I created this timeline based on several papers and other resources with the purpose of showing that Deep Learning is much more than just Neural Networks. There has been really theoretical advances, software and hardware improvements that were necessary for us to get to this day.
Breakthroughs of Deep Learning and Representation Learning
Let’s start by defining the word learning. In the context of Machine Learning, the word “learning” describes an automatic search process for better representations of the data you are analyzing and studying (please have this in mind, is not making a computer learn). An what is a representation? It’s a way to look at data.
This is something very important to have in mind, deep learning is representation learning using different kinds of neural networks and optimize the hyperparameters of the net to get (learn) the best representation for our data. This wouldn’t be possible without the amazing breakthroughs that led us to the current state of Deep Learning. Here I name some of them:
Concept # 1: Back Propagation.
Concept # 2: Better initialization of the parameters of the nets. Something to remember: The initialization strategy should be selected according to the activation function used (see next concept).
Concept # 3: Better activation functions. This mean, better ways of approximating the functions faster leading to faster training process.
Concept # 4: Dropout. Better ways of preventing overfitting and more.
Concept # 5: Convolutional Neural Nets (CNNs).
Concept # 6: Residual Nets (ResNets).
Concept # 7: Region Based CNNs. Used for object detection and more.
Concept # 8: Recurrent Neural Networks (RNNs) and LSTMs.
BTW: It was shown by Liao and Poggio (2016) that ResNets == RNNs, arXiv:1604.03640v1.
Concept # 9: Generative Adversarial Networks (GANs).
Concept # 10: Capsule Networks.
Getting stuff done with Deep Learning
One of the most important moments for this field was the creation and open sourced of TensorFlow.

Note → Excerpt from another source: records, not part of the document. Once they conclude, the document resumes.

text \<open>Both bounds split the integral at ln r: on [0, ln r] the integrand is compared with the
  explicitly integrable truncation, and the tail beyond ln r is either bounded by
  fact M / (a ^ M * M * r ^ M) or dropped.\<close>

lemma Jweight_le_trunc:
  fixes a r :: real
  assumes x: "x = 2 * a" and a: "a > 0" and "odd NP" "odd NQ" "M \<ge> 1" "r \<ge> 1"
    and ln_r: "lo \<le> ln r" "ln r \<le> hi"
    and bound: "trunc_integral_rat NP NQ j a r + max (trunc_integral_ln NP NQ j a * lo) (trunc_integral_ln NP NQ j a * hi)
        + fact M / a ^ M / (real M * r ^ M) \<le> u"
  shows "Jweight j x \<le> u"
proof -
  define f where "f = (\<lambda>t::real. exp (- (real j * t)) * exp (- (2 * a) * cosh t))"
  have "0 \<le> ln r" using \<open>r \<ge> 1\<close> by simp
  have cont: "continuous_on {0..} f" unfolding f_def by (intro continuous_intros)
  have f_le: "\<bar>f t\<bar> \<le> 1 * exp (- (2 * a) * t)" if "t \<ge> 0" for t
    using weighted_integrand_le_exp[OF a that] by (simp add: f_def)
  have "0 < 2 * a" using a by simp
  note split = integral_Ici_split[OF cont f_le this \<open>0 \<le> ln r\<close>]
  have "integral {0..ln r} f \<le> integral {0..ln r} (trunc_integrand NP NQ j a)"
    using split(1) weighted_integrand_le_trunc[OF a assms(3,4)]
    by (intro integral_le has_integral_integrable[OF trunc_integrand_has_integral[OF \<open>r \<ge> 1\<close>]])
      (auto simp: f_def)
  also have "\<dots> = trunc_integral_rat NP NQ j a r + trunc_integral_ln NP NQ j a * ln r"
    by (rule integral_unique[OF trunc_integrand_has_integral[OF \<open>r \<ge> 1\<close>]])
  also have "trunc_integral_ln NP NQ j a * ln r \<le> max (trunc_integral_ln NP NQ j a * lo) (trunc_integral_ln NP NQ j a * hi)"
    by (rule mult_le_max_endpoints[OF ln_r])
  finally have head: "integral {0..ln r} f \<le> trunc_integral_rat NP NQ j a r + max (trunc_integral_ln NP NQ j a * lo) (trunc_integral_ln NP NQ j a * hi)"
    by simp
  have "real M > 0" using \<open>M \<ge> 1\<close> by simp
  note tail_majorant = has_integral_mult_right[OF has_integral_exp_minus_to_infinity[OF this, of "ln r"], of "fact M / a ^ M"]
  have "integral {ln r..} f \<le> integral {ln r..} (\<lambda>t. fact M / a ^ M * exp (- real M * t))"
    using split(2) weighted_integrand_tail_le[OF a, of _ j M] \<open>0 \<le> ln r\<close>
    by (intro integral_le has_integral_integrable[OF tail_majorant]) (auto simp: f_def)
  also have "\<dots> = fact M / a ^ M / (real M * r ^ M)"
    using integral_unique[OF tail_majorant] \<open>r \<ge> 1\<close>
    by (simp add: exp_minus exp_of_nat_mult field_simps)
  finally have "integral {ln r..} f \<le> fact M / a ^ M / (real M * r ^ M)" .
  with head bound split(3) cont a \<open>0 \<le> ln r\<close> show ?thesis
    unfolding Jweight_def x f_def[symmetric] by auto
qed
(* Let $n$ be a positive integer and let $\alpha,x,y$ be complex numbers. Then $$\frac{\alpha+n+1}2\sum_{k=0}^{n-1}\binom{\alpha+k}kE_k(x)E_{n-1-k}(y)=\sum_{k=0}^n\binom{\alpha+n+1}k\left((-1)^{n-k}B_k(x)-\binom{\alpha+n-k}{n-k}B_k(y)\right)E_{n-k}(x-y)$$ and $$(\alpha+n+2)\sum_{k=0}^n\binom{\alpha+k}kB_k(x)B_{n-k}(y)=(\alpha+1)\sum_{k=0}^n\binom{\alpha+n+2}k(-1)^{n-k}B_k(x)B_{n-k}(x-y)+\sum_{k=0}^n\binom{\alpha+n+2}k\binom{\alpha+n-k}{n-k}B_k(y)B_{n-k}(x-y).$$
   Context: Bernoulli numbers are defined by $B_0=1$ and $\sum_{k=0}^n\binom{n+1}kB_k=0$ for $n\ge1$; Euler numbers by $E_0=1$ and $\sum_{0\le k\le n,\,2\mid n-k}\binom nkE_k=0$ for $n\ge1$. The Bernoulli polynomials are $B_n(x)=\sum_{k=0}^n\binom nkB_kx^{n-k}$ and the Euler polynomials are $E_n(x)=\sum_{k=0}^n\binom nk\frac{E_k}{2^k}(x-\frac12)^{n-k}$. For complex $z$ and integer $k\ge0$, $\binom zk=z(z-1)\cdots(z-k+1)/k!$ (with $\binom z0=1$). *)

theory Defs
  imports Complex_Main
begin

fun bern :: "nat \<Rightarrow> complex" where
  "bern n = (if n = 0 then 1
     else - (\<Sum>k<n. of_nat ((n + 1) choose k) * bern k) / of_nat (n + 1))"

fun euler_num :: "nat \<Rightarrow> complex" where
  "euler_num n = (if n = 0 then 1
     else - (\<Sum>k<n. if even (n - k) then of_nat (n choose k) * euler_num k else 0))"

definition bern_poly :: "nat \<Rightarrow> complex \<Rightarrow> complex" where
  "bern_poly n x = (\<Sum>k\<le>n. of_nat (n choose k) * bern k * x ^ (n - k))"

definition euler_poly :: "nat \<Rightarrow> complex \<Rightarrow> complex" where
  "euler_poly n x = (\<Sum>k\<le>n. of_nat (n choose k) * (euler_num k / 2 ^ k) * (x - 1/2) ^ (n - k))"

end

theory Submission
  imports Defs "HOL-Analysis.Analysis"
begin
lemma sets_shift_mspace_cylinders:
  fixes T :: "'x::finite \<Rightarrow> 'x \<Rightarrow> real"
  shows "sets (shift_mspace I T) = sigma_sets (shift_space I T) (range (cylinder I T) \<union> {{}})"
proof -
  define \<Omega> where "\<Omega> = shift_space I T"
  define G where "G = {{f :: nat \<Rightarrow> 'x. f i \<in> X} | i X. True}"
  have sets_seq: "sets (seq_space :: (nat \<Rightarrow> 'x) measure) = sigma_sets UNIV G"
    unfolding sets_PiM_single G_def by (simp add: space_PiM)
  have sets_eq: "sets (shift_mspace I T) = sigma_sets \<Omega> ((\<inter>) \<Omega> ` G)"
    unfolding shift_mspace_def sets_restrict_space sets_seq \<Omega>_def
    by (rule sigma_sets_Int) (use shift_space_in_sets[of I T] sets_seq in auto)
  have "range (cylinder I T) \<union> {{}} \<subseteq> Pow \<Omega>"
    by (auto simp: \<Omega>_def cylinder_def)
  then interpret sigma_algebra \<Omega> "sigma_sets \<Omega> (range (cylinder I T) \<union> {{}})"
    by (rule sigma_algebra_sigma_sets)
  \<comment> \<open>Over a finite alphabet, a coordinate event \<open>{f. f i \<in> X}\<close> is a finite union of cylinders.\<close>
  have "sigma_sets \<Omega> ((\<inter>) \<Omega> ` G) = sigma_sets \<Omega> (range (cylinder I T) \<union> {{}})"
  proof (rule sigma_sets_eqI)
    fix a assume "a \<in> (\<inter>) \<Omega> ` G"
    then obtain i X where a: "a = \<Omega> \<inter> {f. f i \<in> X}" by (auto simp: G_def)
    define W where "W = {w :: 'x list. length w = Suc i \<and> w ! i \<in> X}"
    have "finite W"
      by (rule finite_subset[OF _ finite_lists_length_eq[of UNIV "Suc i"]]) (auto simp: W_def)
    have "a = (\<Union>w\<in>W. cylinder I T w)"
    proof (intro equalityI subsetI)
      fix x assume "x \<in> a"
      then have "x \<in> cylinder I T (map x [0..<Suc i])" and "map x [0..<Suc i] \<in> W"
        by (auto simp: a cylinder_def \<Omega>_def W_def simp del: upt_Suc)
      then show "x \<in> (\<Union>w\<in>W. cylinder I T w)" by blast
    qed (auto simp: a cylinder_def \<Omega>_def W_def)
    also have "\<dots> \<in> sigma_sets \<Omega> (range (cylinder I T) \<union> {{}})"
      using \<open>finite W\<close> by (intro finite_UN) auto
    finally show "a \<in> sigma_sets \<Omega> (range (cylinder I T) \<union> {{}})" .
  next
    fix b assume "b \<in> range (cylinder I T) \<union> {{}}"
    then show "b \<in> sigma_sets \<Omega> ((\<inter>) \<Omega> ` G)"
      using cylinder_in_sets[of I T] sets_eq by (auto intro: sigma_sets.Empty)
  qed
  then show ?thesis
    using sets_eq by (simp add: \<Omega>_def)
qed
theorem mainTheorem4:
  shows "(\<exists>S S' M. convex_scene S \<and> convex_scene S' \<and> S \<noteq> S' \<and>
            point_plane_markup M S \<and> point_plane_markup M S') \<and>
         (\<exists>S S' M. convex_scene S \<and> convex_scene S' \<and> S \<noteq> S' \<and>
            point_normal_markup M S \<and> point_normal_markup M S')"
proof -
  let ?S = "boxes example_left" and ?S' = "boxes example_right"
  have finite: "finite ?S" "finite ?S'" using example_scenes by (simp_all add: convex_scene_def)
  have convex: "convex_polyhedron P" if "P \<in> ?S \<union> ?S'" for P
    using that example_scenes by (auto simp: convex_scene_def)
  note matched = boxes_facet_data_matched[OF example_nondegenerate example_sides_supported(1)]
    boxes_facet_data_matched[OF example_nondegenerate(2,1) example_sides_supported(2)]
  obtain M where "point_plane_markup M ?S" "point_plane_markup M ?S'"
    using plane_markup_of_matched[OF finite convex matched(1,3)] by blast
  moreover obtain N where "point_normal_markup N ?S" "point_normal_markup N ?S'"
    using normal_markup_of_matched[OF finite convex matched(2,4)] by blast
  ultimately show ?thesis using example_scenes example_scenes_differ by blast
qed

end
definition pad_index :: "nat set \<Rightarrow> nat set \<Rightarrow> (nat \<Rightarrow> nat) \<Rightarrow> nat \<Rightarrow> nat" where
  "pad_index S A I = (\<lambda>k. if k \<in> A then I k else if k \<in> S then 0 else undefined)"

lemma prod_gm_ext_pad_index:
  assumes "A \<subseteq> S" "finite S"
    and "x \<in> configs A d" "y \<in> configs A d" "z \<in> configs (S - A) d" "w \<in> configs (S - A) d"
  shows "(\<Prod>k\<in>S. gm_ext lam (pad_index S A I k) (merge A y w k) (merge A x z k))
       = (\<Prod>k\<in>A. gm_ext lam (I k) (y k) (x k)) * of_bool (w = z)"
proof -
  have "(\<Prod>k\<in>S. gm_ext lam (pad_index S A I k) (merge A y w k) (merge A x z k))
      = (\<Prod>k\<in>A. gm_ext lam (pad_index S A I k) (merge A y w k) (merge A x z k)) *
        (\<Prod>k\<in>S - A. gm_ext lam (pad_index S A I k) (merge A y w k) (merge A x z k))"
    using prod.subset_diff[OF assms(1,2)] by (simp add: mult.commute)
  also have "\<dots> = (\<Prod>k\<in>A. gm_ext lam (I k) (y k) (x k)) * (\<Prod>k\<in>S - A. of_bool (w k = z k))"
    by (intro arg_cong2[where f = "(*)"] prod.cong refl) (auto simp: gm_ext_def pad_index_def merge_def)
  also have "(\<Prod>k\<in>S - A. of_bool (w k = z k)) = (of_bool (w = z) :: complex)"
    using assms(2) configs_eq_iff[OF assms(6,5)] by (simp add: prod_of_bool)
  finally show ?thesis .
qed

lemma bloch_coeff_reduced:
  assumes AS: "A \<subseteq> {1..n}"
  shows "bloch_coeff lam A d (reduced n d rho A) I = bloch_coeff lam {1..n} d rho (pad_index {1..n} A I)"
proof -
  let ?S = "{1..n}"
  let ?cA = "configs A d" and ?cB = "configs (?S - A) d"
  let ?L = "\<lambda>x y. \<Prod>k\<in>A. gm_ext lam (I k) (y k) (x k)"
  have "bloch_coeff lam ?S d rho (pad_index ?S A I) = (\<Sum>x\<in>?cA. \<Sum>z\<in>?cB. \<Sum>y\<in>?cA. \<Sum>w\<in>?cB.
      rho (merge A x z) (merge A y w) * (\<Prod>k\<in>?S. gm_ext lam (pad_index ?S A I k) (merge A y w k) (merge A x z k)))"
    unfolding bloch_coeff_def by (simp only: sum_configs_merge[OF AS])
  also have "\<dots> = (\<Sum>x\<in>?cA. \<Sum>z\<in>?cB. \<Sum>y\<in>?cA. \<Sum>w\<in>?cB.
      if w = z then rho (merge A x z) (merge A y z) * ?L x y else 0)"
    by (intro sum.cong refl) (subst prod_gm_ext_pad_index[OF AS], auto)
  also have "\<dots> = (\<Sum>x\<in>?cA. \<Sum>z\<in>?cB. \<Sum>y\<in>?cA. rho (merge A x z) (merge A y z) * ?L x y)"
    using finite_configs[of "?S - A" d] by simp
  also have "\<dots> = (\<Sum>x\<in>?cA. \<Sum>y\<in>?cA. \<Sum>z\<in>?cB. rho (merge A x z) (merge A y z) * ?L x y)"
    by (intro sum.cong refl sum.swap)
  also have "\<dots> = bloch_coeff lam A d (reduced n d rho A) I"
    unfolding bloch_coeff_def reduced_def by (simp add: sum_distrib_right)
  finally show ?thesis by simp
qed
(* Let $T$ be a tree on $[m]$ with depth-first walk $X$ and height process $H$, and let $\mathcal Q\subset\mathbb Z_{\ge0}\times\mathbb Z_{\ge0}$ be finite. Suppose $\mathcal Q\cap X=\mathcal Q\cap(H/2)$ and let $k=|\mathcal Q\cap X|$. Then, viewing $G^X=G^X(T,\mathcal Q)$ and $G^H=G^H(T,\mathcal Q)$ as metric spaces on their common vertex set with graph distance (rooted at vertex $1$), \[d_{GH}(G^X,G^H)\le k\big(\max_{0\le i<m}|X(i)-H(i)/2|+2\big).\]
   Context: Ordered depth-first search ${\bf oDFS}(T)$ for a tree $T$ on $[m]$ rooted at $1$: set $\mathcal O_0=(1)$ (ordered list), $\mathcal A_0=\emptyset$; for $i=0,\dots,m-1$ let $v_i$ be the first element of $\mathcal O_i$, $\mathcal N_i$ the neighbours of $v_i$ outside $\mathcal A_i\cup\mathcal O_i$, $\mathcal A_{i+1}=\mathcal A_i\cup\{v_i\}$, and $\mathcal O_{i+1}$ obtained by deleting $v_i$ from the front and placing $\mathcal N_i$ in increasing order at the front. Depth-first walk $X(i)=|\mathcal O_i|-1$; height process $H(i)=$ distance in $T$ from $1$ to $v_i$ ($0\le i<m$; both set to $0$ for $i\ge m$). For $S\subset\mathbb R^+\times\mathbb R^+$ and $f$, $S\cap f:=\{(x,y)\in S:0<y\le f(x)\}$. $G^X(T,\mathcal Q)$: add to $T$, for each $(i,j)\in\mathcal Q\cap X$, an edge between $v_i$ and the $j$-th vertex of $\mathcal O_i$ counted from the end of the list. $G^H(T,\mathcal Q)$: add to $T$, for each $(i,j)\in\mathcal Q$ with $0<2j\le H(i)$, an edge between $v_i$ and the vertex at distance $2j-1$ from the root on the path from the root to $v_i$ in $T$. Gromov–Hausdorff distance between rooted compact metric spaces $(X,\rho),(X',\rho')$: $d_{GH}=\inf\{d_H(\phi(X),\phi'(X'))\vee\delta(\phi(\rho),\phi'(\rho'))\}$ over all metric spaces $(M,\delta)$ and isometric embeddings $\phi:X\to M$, $\phi':X'\to M$, where $d_H$ is the Hausdorff distance. *)

theory Defs
  imports Complex_Main
begin

definition walk_of :: "nat set set \<Rightarrow> nat list \<Rightarrow> bool" where
  "walk_of E p \<longleftrightarrow> p \<noteq> [] \<and> (\<forall>i. Suc i < length p \<longrightarrow> {p ! i, p ! Suc i} \<in> E)"

definition gdist :: "nat set set \<Rightarrow> nat \<Rightarrow> nat \<Rightarrow> nat" where
  "gdist E u v = (LEAST n. \<exists>p. walk_of E p \<and> hd p = u \<and> last p = v \<and> length p = Suc n)"

definition connected_on :: "nat set \<Rightarrow> nat set set \<Rightarrow> bool" where
  "connected_on V E \<longleftrightarrow> (\<forall>u\<in>V. \<forall>v\<in>V. \<exists>p. walk_of E p \<and> hd p = u \<and> last p = v)"

text \<open>A tree on [m] = {1..m}: a connected simple graph on {1..m} that is minimally connected
  (removing any edge disconnects it).  We require m \<ge> 1 since the tree is rooted at 1.\<close>
definition is_tree :: "nat \<Rightarrow> nat set set \<Rightarrow> bool" where
  "is_tree m E \<longleftrightarrow> 1 \<le> m
     \<and> E \<subseteq> {{u, v} | u v. u \<noteq> v \<and> u \<in> {1..m} \<and> v \<in> {1..m}}
     \<and> connected_on {1..m} E
     \<and> (\<forall>e\<in>E. \<not> connected_on {1..m} (E - {e}))"

definition odfs_step :: "nat set set \<Rightarrow> nat list \<times> nat set \<Rightarrow> nat list \<times> nat set" where
  "odfs_step E = (\<lambda>(Os, A).
     let v = hd Os;
         N = sorted_list_of_set {w. {v, w} \<in> E \<and> w \<notin> A \<and> w \<notin> set Os}
     in (N @ tl Os, insert v A))"

definition odfs_state :: "nat set set \<Rightarrow> nat \<Rightarrow> nat list \<times> nat set" where
  "odfs_state E i = (odfs_step E ^^ i) ([1], {})"

definition odfs_O :: "nat set set \<Rightarrow> nat \<Rightarrow> nat list" where
  "odfs_O E i = fst (odfs_state E i)"

definition odfs_v :: "nat set set \<Rightarrow> nat \<Rightarrow> nat" where
  "odfs_v E i = hd (odfs_O E i)"

definition dfs_X :: "nat \<Rightarrow> nat set set \<Rightarrow> nat \<Rightarrow> int" where
  "dfs_X m E i = (if i < m then int (length (odfs_O E i)) - 1 else 0)"

definition dfs_H :: "nat \<Rightarrow> nat set set \<Rightarrow> nat \<Rightarrow> nat" where
  "dfs_H m E i = (if i < m then gdist E 1 (odfs_v E i) else 0)"

definition under :: "(nat \<times> nat) set \<Rightarrow> (nat \<Rightarrow> real) \<Rightarrow> (nat \<times> nat) set" where
  "under S f = {(x, y) \<in> S. 0 < real y \<and> real y \<le> f x}"

definition tree_anc :: "nat \<Rightarrow> nat set set \<Rightarrow> nat \<Rightarrow> nat \<Rightarrow> nat" where
  "tree_anc m E v d = (THE w. w \<in> {1..m} \<and> gdist E 1 w = d \<and> gdist E 1 w + gdist E w v = gdist E 1 v)"

definition GX :: "nat \<Rightarrow> nat set set \<Rightarrow> (nat \<times> nat) set \<Rightarrow> nat set set" where
  "GX m E Q = E \<union> {{odfs_v E i, rev (odfs_O E i) ! (j - 1)} | i j.
                     (i, j) \<in> under Q (\<lambda>x. real_of_int (dfs_X m E x))}"

definition GH :: "nat \<Rightarrow> nat set set \<Rightarrow> (nat \<times> nat) set \<Rightarrow> nat set set" where
  "GH m E Q = E \<union> {{odfs_v E i, tree_anc m E (odfs_v E i) (2 * j - 1)} | i j.
                     (i, j) \<in> Q \<and> 0 < 2 * j \<and> 2 * j \<le> dfs_H m E i}"

definition pseudometric_on :: "'c set \<Rightarrow> ('c \<Rightarrow> 'c \<Rightarrow> real) \<Rightarrow> bool" where
  "pseudometric_on S \<delta> \<longleftrightarrow>
     (\<forall>x\<in>S. \<delta> x x = 0) \<and> (\<forall>x\<in>S. \<forall>y\<in>S. 0 \<le> \<delta> x y \<and> \<delta> x y = \<delta> y x) \<and>
     (\<forall>x\<in>S. \<forall>y\<in>S. \<forall>z\<in>S. \<delta> x z \<le> \<delta> x y + \<delta> y z)"

definition hausdorff_dist :: "('c \<Rightarrow> 'c \<Rightarrow> real) \<Rightarrow> 'c set \<Rightarrow> 'c set \<Rightarrow> real" where
  "hausdorff_dist \<delta> A B =
     max (SUP a\<in>A. INF b\<in>B. \<delta> a b) (SUP b\<in>B. INF a\<in>A. \<delta> a b)"

text \<open>Infimum over all ways of isometrically embedding both spaces in a common
  space; equivalently over all pseudometrics on the disjoint union extending both metrics
  (the image of the two embeddings in an ambient metric space M pulls back to such a
  pseudometric, and conversely its metric quotient is such an M).\<close>
definition dGH :: "'a set \<Rightarrow> ('a \<Rightarrow> 'a \<Rightarrow> real) \<Rightarrow> 'a \<Rightarrow> 'b set \<Rightarrow> ('b \<Rightarrow> 'b \<Rightarrow> real) \<Rightarrow> 'b \<Rightarrow> real" where
  "dGH X d \<rho> X' d' \<rho>' = Inf {max (hausdorff_dist \<delta> (Inl ` X) (Inr ` X')) (\<delta> (Inl \<rho>) (Inr \<rho>')) | \<delta>.
       pseudometric_on (Inl ` X \<union> Inr ` X') \<delta> \<and>
       (\<forall>x\<in>X. \<forall>y\<in>X. \<delta> (Inl x) (Inl y) = d x y) \<and>
       (\<forall>x\<in>X'. \<forall>y\<in>X'. \<delta> (Inr x) (Inr y) = d' x y)}"

end

theory Submission imports Defs begin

TensorFlow is an open source software library for numerical computation using data flow graphs. Nodes in the graph represent mathematical operations, while the graph edges represent the multidimensional data arrays (tensors) communicated between them.
Tensors, defined mathematically, are simply arrays of numbers, or functions, that transform according to certain rules under a change of coordinates.
But in the scope of Machine Learning and Deep Learning a tensor is a generalization of vectors and matrices to potentially higher dimensions. Internally, TensorFlow represents tensors as n-dimensional arrays of base data types.
Thinking about the future of Deep Learning (for programming or building applications), I really think GUIs and AutoML are the near future of getting things done with Deep Learning. I love coding, but I think the amount of code we will be writing next years will decay.
We spent many hours worldwide programming the same stuff over and over again, so I think these two features GUIs and AutoML will help Data Scientist on getting more productive and solving more problems.